Work through the records below and copy every line that includes "then".

Collected data
++++++++++++++++++++

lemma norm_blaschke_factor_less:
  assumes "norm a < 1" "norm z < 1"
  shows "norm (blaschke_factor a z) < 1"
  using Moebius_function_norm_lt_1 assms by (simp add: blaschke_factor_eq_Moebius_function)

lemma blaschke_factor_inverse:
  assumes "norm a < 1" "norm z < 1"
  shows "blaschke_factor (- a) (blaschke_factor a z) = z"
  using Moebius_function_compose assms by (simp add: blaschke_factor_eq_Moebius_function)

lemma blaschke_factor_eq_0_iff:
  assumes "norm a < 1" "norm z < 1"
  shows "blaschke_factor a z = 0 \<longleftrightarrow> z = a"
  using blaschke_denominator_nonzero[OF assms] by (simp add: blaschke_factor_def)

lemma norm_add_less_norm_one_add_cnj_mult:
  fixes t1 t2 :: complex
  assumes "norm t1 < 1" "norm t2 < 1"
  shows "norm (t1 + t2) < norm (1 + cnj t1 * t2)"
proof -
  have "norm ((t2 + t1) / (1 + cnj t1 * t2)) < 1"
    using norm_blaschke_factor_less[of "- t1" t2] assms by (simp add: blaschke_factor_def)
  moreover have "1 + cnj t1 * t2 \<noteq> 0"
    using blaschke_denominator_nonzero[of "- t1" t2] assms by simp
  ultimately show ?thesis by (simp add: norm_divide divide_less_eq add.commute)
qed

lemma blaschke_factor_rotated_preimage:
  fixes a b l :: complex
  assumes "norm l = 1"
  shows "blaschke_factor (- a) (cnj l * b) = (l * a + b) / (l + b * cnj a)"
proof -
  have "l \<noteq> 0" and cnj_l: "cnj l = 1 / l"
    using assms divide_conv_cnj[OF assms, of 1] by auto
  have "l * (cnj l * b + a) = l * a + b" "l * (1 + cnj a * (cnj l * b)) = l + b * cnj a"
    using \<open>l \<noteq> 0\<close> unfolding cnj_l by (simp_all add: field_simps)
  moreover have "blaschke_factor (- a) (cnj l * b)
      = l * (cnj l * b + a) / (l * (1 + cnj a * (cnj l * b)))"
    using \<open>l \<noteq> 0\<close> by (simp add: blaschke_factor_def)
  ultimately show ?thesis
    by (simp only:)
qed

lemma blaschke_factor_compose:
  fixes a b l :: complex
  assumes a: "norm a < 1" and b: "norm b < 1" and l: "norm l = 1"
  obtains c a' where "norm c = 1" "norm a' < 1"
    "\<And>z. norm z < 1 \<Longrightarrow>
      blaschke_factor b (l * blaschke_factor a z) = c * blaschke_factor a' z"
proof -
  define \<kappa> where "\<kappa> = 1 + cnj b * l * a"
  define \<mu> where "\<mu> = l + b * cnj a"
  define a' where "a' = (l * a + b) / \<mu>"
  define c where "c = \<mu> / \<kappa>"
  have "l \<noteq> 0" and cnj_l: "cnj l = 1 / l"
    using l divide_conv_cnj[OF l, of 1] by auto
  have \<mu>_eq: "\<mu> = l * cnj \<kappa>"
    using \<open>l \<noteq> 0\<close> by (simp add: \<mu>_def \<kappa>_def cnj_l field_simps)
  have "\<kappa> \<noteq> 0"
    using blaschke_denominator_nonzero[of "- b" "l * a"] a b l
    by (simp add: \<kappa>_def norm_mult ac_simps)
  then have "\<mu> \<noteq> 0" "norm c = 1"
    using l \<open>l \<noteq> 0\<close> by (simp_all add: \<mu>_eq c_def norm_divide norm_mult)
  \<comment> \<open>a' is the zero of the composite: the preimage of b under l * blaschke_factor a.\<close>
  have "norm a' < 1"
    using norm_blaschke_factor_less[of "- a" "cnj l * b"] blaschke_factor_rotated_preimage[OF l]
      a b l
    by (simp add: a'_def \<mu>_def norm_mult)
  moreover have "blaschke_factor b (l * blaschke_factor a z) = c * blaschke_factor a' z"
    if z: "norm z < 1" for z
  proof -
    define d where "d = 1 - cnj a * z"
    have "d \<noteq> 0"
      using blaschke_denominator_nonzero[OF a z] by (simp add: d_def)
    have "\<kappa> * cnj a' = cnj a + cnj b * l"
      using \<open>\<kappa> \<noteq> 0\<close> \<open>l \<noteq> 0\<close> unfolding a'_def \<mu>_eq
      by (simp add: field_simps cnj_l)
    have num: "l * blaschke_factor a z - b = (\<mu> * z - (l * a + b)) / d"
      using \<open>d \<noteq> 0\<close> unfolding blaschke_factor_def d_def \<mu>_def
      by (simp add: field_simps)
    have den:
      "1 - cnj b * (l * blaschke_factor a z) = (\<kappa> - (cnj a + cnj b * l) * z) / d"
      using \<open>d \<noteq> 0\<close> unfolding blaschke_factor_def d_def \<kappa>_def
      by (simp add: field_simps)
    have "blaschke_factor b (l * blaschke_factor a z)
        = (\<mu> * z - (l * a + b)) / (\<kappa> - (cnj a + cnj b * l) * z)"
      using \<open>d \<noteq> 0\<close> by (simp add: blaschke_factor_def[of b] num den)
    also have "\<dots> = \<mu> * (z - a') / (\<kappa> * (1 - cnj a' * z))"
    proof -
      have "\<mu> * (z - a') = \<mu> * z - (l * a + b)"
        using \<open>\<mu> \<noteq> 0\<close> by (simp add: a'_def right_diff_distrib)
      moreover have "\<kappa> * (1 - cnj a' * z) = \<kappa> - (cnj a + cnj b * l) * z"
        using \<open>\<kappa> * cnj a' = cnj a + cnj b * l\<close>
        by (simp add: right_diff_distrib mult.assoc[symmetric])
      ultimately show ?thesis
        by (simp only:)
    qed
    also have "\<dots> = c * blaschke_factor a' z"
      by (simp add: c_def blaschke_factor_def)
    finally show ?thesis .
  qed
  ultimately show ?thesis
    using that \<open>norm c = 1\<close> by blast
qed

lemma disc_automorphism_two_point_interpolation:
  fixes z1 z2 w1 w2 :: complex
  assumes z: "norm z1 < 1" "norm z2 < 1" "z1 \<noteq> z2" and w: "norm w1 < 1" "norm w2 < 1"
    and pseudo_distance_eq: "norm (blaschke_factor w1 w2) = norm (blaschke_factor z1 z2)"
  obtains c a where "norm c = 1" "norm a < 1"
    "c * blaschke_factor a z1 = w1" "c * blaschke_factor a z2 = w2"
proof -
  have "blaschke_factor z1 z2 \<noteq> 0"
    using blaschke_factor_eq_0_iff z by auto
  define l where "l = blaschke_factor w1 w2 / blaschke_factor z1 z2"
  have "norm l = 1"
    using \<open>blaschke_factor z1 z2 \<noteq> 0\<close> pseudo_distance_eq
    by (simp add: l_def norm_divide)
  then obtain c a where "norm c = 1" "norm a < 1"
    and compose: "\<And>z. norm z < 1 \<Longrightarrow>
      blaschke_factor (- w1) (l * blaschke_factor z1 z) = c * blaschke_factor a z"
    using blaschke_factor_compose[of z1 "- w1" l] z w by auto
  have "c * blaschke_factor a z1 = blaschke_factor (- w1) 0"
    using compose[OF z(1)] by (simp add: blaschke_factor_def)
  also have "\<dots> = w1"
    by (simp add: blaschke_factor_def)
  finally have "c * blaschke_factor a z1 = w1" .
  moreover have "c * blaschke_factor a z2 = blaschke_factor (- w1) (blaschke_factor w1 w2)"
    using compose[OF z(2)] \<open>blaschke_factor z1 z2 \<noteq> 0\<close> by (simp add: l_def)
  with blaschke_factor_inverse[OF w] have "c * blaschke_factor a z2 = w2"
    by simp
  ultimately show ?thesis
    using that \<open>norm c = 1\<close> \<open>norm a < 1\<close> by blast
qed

++++++++++++++++++++

Answer to this task
  then have "\<mu> \<noteq> 0" "norm c = 1"
  then obtain c a where "norm c = 1" "norm a < 1"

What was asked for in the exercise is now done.